# Task:
Print the lines in the listing below that fall between the line with "d0 < (\<Sum>i<r." and the line with "by (simp add: sum_distrib_left)", those two lines included, exactly as they stand and with nothing else.

# Records provided:
::::::::

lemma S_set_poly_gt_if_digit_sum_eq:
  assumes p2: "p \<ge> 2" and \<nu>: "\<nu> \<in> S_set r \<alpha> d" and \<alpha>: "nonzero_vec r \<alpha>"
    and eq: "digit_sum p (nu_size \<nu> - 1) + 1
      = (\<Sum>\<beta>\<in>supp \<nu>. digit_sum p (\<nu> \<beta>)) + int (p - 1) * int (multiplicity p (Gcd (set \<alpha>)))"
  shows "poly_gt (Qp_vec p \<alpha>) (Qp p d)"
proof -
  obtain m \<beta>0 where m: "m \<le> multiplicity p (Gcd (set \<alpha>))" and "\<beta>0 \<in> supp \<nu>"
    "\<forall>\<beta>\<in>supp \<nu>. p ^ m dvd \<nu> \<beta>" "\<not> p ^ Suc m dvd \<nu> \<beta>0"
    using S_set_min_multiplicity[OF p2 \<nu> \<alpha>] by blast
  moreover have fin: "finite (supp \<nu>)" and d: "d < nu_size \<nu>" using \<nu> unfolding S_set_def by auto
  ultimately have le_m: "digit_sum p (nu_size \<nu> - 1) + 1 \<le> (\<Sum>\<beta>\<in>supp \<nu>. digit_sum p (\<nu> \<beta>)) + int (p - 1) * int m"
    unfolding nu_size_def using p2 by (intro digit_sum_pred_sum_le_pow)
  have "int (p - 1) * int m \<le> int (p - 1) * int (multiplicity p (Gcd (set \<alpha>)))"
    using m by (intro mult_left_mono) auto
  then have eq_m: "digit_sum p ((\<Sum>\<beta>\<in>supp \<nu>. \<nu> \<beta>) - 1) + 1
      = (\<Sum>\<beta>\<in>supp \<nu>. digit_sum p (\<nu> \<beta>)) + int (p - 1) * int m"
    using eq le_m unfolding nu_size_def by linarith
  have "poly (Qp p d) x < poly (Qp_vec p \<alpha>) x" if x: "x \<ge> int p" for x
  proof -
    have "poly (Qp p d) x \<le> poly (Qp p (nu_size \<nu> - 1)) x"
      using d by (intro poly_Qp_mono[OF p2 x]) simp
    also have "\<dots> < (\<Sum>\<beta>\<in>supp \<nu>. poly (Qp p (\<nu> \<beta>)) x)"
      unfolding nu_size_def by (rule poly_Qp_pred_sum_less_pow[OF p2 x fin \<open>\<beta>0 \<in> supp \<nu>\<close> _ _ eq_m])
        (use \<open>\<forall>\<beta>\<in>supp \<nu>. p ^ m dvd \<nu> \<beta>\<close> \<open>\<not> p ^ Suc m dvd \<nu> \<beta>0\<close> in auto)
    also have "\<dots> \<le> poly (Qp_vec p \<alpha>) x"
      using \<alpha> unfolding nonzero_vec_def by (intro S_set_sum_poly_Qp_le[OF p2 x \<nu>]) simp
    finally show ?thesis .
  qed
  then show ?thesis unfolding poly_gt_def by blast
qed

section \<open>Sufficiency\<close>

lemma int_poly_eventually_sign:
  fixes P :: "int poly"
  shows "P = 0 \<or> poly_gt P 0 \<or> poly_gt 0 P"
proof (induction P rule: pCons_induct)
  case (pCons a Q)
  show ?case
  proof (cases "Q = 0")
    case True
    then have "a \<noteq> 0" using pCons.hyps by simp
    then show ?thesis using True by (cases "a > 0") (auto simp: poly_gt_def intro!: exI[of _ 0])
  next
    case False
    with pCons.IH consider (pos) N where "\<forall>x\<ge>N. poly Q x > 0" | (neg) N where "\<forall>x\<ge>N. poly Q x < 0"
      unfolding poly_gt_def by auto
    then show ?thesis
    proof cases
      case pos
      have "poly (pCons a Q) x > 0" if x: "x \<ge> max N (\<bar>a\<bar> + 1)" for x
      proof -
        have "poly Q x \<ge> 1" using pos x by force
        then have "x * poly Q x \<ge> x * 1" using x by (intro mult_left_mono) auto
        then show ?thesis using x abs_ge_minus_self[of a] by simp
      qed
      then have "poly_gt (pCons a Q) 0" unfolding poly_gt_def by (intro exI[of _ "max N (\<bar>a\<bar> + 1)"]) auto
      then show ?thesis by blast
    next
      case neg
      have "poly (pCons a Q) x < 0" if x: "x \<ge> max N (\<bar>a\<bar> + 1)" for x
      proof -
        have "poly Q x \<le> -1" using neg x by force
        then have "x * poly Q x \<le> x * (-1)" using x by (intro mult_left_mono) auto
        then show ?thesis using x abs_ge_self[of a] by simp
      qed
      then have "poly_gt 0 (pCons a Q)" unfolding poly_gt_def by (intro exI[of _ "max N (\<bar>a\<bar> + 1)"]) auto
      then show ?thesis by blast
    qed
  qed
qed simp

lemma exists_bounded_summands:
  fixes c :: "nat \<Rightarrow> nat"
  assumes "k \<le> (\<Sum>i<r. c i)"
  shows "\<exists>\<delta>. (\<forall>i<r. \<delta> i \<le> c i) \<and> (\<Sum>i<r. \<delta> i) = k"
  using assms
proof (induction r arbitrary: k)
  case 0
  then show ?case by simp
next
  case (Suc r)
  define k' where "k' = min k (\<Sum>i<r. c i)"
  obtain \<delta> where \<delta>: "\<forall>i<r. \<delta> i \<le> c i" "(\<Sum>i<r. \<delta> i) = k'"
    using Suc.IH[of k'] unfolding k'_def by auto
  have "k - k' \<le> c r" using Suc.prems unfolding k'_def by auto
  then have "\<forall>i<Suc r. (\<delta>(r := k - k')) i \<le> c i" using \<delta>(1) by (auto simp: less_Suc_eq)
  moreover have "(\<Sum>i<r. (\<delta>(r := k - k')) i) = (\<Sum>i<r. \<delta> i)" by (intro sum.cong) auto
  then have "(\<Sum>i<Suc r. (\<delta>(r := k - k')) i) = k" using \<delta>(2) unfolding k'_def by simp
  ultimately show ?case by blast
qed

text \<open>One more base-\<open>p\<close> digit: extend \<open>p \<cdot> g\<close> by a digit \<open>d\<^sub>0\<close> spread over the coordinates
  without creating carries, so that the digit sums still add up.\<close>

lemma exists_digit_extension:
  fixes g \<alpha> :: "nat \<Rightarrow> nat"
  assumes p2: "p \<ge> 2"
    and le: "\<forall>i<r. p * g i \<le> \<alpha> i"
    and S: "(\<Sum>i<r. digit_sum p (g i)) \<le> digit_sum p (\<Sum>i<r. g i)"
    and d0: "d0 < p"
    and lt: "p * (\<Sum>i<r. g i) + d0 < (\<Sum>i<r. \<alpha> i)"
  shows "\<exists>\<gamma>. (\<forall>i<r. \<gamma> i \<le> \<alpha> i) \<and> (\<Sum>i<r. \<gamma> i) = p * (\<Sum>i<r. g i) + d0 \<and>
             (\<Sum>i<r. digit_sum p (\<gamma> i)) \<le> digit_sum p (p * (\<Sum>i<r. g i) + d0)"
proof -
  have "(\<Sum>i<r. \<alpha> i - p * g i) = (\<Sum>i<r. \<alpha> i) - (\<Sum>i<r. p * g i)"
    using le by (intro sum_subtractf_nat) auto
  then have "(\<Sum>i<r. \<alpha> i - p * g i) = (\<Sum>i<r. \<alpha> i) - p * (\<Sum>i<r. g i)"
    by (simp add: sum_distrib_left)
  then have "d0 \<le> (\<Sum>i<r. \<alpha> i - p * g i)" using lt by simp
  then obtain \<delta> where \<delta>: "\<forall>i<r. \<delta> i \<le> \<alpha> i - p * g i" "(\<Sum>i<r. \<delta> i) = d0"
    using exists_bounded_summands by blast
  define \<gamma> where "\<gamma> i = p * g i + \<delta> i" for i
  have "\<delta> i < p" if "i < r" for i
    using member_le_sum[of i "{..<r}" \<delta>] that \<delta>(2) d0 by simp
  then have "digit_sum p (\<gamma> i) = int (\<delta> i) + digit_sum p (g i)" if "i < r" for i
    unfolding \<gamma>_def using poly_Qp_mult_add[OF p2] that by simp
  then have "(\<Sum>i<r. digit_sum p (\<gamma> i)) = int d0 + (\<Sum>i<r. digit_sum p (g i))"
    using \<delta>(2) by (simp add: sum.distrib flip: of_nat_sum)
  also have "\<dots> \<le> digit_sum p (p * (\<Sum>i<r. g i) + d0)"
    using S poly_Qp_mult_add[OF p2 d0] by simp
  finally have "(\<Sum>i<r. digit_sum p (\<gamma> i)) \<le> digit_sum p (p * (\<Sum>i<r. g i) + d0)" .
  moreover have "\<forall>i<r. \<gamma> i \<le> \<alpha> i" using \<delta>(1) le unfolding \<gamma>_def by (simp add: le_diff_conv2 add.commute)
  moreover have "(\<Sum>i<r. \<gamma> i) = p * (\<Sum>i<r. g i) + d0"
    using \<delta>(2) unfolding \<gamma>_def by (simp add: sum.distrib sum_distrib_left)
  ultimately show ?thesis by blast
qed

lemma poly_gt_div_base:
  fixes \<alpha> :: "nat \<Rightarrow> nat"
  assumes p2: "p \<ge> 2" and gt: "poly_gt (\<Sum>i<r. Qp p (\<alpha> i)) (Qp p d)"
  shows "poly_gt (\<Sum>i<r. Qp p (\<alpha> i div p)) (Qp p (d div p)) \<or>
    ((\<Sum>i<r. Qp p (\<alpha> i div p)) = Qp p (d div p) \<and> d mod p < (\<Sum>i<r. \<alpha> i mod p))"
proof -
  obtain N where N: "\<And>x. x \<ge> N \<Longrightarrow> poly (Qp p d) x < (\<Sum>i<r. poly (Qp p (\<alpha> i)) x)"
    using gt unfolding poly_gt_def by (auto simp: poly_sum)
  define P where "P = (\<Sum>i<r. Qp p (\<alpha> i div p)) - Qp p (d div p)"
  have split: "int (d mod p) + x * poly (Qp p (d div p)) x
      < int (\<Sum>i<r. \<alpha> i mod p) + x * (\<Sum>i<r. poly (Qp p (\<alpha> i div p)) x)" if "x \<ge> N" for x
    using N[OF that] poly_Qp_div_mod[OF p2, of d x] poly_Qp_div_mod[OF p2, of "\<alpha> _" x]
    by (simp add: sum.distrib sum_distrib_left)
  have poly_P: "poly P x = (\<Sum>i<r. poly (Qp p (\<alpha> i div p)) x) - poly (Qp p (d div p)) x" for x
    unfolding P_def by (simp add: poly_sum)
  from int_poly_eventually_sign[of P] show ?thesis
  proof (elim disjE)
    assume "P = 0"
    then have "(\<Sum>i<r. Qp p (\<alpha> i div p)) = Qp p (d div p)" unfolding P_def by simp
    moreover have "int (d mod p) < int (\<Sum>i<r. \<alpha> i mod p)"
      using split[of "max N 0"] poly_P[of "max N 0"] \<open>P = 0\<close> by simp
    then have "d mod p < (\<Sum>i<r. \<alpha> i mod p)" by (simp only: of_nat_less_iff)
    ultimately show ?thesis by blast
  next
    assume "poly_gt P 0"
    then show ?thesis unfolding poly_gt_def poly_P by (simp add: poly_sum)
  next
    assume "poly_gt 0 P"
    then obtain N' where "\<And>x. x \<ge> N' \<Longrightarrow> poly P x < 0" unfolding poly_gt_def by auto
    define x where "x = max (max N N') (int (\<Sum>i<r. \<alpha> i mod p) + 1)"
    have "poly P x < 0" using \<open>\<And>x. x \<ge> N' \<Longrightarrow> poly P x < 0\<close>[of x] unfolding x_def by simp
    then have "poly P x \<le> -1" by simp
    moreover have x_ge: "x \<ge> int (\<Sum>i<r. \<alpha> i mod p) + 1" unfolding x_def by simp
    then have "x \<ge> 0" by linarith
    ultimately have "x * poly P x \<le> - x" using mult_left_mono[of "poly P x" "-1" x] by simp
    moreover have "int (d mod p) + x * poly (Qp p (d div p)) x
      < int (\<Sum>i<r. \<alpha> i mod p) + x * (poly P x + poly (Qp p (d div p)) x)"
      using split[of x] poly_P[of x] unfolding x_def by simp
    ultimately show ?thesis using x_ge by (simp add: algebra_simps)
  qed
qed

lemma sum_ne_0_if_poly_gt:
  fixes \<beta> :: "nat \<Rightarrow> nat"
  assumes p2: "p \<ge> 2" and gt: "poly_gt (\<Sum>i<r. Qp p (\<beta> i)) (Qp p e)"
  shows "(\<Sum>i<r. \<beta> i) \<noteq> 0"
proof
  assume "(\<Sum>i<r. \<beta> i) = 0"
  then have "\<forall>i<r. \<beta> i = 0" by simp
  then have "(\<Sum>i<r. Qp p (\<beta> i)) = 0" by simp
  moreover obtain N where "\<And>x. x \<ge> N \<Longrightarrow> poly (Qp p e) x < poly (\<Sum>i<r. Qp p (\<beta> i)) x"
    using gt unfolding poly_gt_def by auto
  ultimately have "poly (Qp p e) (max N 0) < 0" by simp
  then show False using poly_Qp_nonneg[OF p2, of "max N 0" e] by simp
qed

::::::::

# Result of the exercise:
    and lt: "p * (\<Sum>i<r. g i) + d0 < (\<Sum>i<r. \<alpha> i)"
  shows "\<exists>\<gamma>. (\<forall>i<r. \<gamma> i \<le> \<alpha> i) \<and> (\<Sum>i<r. \<gamma> i) = p * (\<Sum>i<r. g i) + d0 \<and>
             (\<Sum>i<r. digit_sum p (\<gamma> i)) \<le> digit_sum p (p * (\<Sum>i<r. g i) + d0)"
proof -
  have "(\<Sum>i<r. \<alpha> i - p * g i) = (\<Sum>i<r. \<alpha> i) - (\<Sum>i<r. p * g i)"
    using le by (intro sum_subtractf_nat) auto
  then have "(\<Sum>i<r. \<alpha> i - p * g i) = (\<Sum>i<r. \<alpha> i) - p * (\<Sum>i<r. g i)"
    by (simp add: sum_distrib_left)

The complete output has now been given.